__ABOUT THIS EXERCISE__.
Could you return the lines below exactly, from the first line up to and including the line that holds "z] that by simp"?

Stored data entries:
------------------------------
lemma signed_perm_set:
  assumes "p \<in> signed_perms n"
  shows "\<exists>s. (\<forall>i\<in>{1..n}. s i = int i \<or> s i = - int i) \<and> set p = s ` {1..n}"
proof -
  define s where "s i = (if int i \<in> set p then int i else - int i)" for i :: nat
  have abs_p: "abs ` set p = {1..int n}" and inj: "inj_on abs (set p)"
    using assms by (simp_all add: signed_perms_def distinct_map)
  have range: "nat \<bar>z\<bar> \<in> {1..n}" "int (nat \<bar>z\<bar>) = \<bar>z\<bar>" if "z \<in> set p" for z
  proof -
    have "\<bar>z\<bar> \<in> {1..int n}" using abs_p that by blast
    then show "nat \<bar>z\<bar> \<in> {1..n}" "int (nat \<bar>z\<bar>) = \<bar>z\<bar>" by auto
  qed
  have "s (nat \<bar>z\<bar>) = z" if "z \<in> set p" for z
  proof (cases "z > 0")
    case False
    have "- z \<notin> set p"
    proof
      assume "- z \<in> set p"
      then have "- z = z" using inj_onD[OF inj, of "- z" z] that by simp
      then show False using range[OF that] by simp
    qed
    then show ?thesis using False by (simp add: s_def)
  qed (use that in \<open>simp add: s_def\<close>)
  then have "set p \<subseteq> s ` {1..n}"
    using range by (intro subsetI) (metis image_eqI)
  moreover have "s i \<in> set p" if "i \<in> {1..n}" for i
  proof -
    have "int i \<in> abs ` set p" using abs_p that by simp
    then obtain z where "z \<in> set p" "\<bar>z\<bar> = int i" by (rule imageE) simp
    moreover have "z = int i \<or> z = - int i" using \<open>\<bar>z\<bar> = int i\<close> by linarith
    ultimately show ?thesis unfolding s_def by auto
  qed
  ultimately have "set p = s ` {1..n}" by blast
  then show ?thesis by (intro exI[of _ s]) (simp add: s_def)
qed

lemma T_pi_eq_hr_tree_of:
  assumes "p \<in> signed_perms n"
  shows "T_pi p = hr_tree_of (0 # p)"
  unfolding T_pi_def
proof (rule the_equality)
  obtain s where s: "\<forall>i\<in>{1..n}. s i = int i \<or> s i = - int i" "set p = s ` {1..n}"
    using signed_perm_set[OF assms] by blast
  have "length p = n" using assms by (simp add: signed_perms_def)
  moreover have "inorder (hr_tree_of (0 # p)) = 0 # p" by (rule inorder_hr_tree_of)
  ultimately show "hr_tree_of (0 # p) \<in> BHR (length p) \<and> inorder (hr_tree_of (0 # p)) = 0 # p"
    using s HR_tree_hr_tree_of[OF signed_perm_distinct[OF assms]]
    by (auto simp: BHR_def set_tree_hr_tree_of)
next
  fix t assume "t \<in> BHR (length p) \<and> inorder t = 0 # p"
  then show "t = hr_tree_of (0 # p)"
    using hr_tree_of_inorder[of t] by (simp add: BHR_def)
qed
------------------------------
__RESULT OF THE EXERCISE__.
lemma signed_perm_set:
  assumes "p \<in> signed_perms n"
  shows "\<exists>s. (\<forall>i\<in>{1..n}. s i = int i \<or> s i = - int i) \<and> set p = s ` {1..n}"
proof -
  define s where "s i = (if int i \<in> set p then int i else - int i)" for i :: nat
  have abs_p: "abs ` set p = {1..int n}" and inj: "inj_on abs (set p)"
    using assms by (simp_all add: signed_perms_def distinct_map)
  have range: "nat \<bar>z\<bar> \<in> {1..n}" "int (nat \<bar>z\<bar>) = \<bar>z\<bar>" if "z \<in> set p" for z
  proof -
    have "\<bar>z\<bar> \<in> {1..int n}" using abs_p that by blast
    then show "nat \<bar>z\<bar> \<in> {1..n}" "int (nat \<bar>z\<bar>) = \<bar>z\<bar>" by auto
  qed
  have "s (nat \<bar>z\<bar>) = z" if "z \<in> set p" for z
  proof (cases "z > 0")
    case False
    have "- z \<notin> set p"
    proof
      assume "- z \<in> set p"
      then have "- z = z" using inj_onD[OF inj, of "- z" z] that by simp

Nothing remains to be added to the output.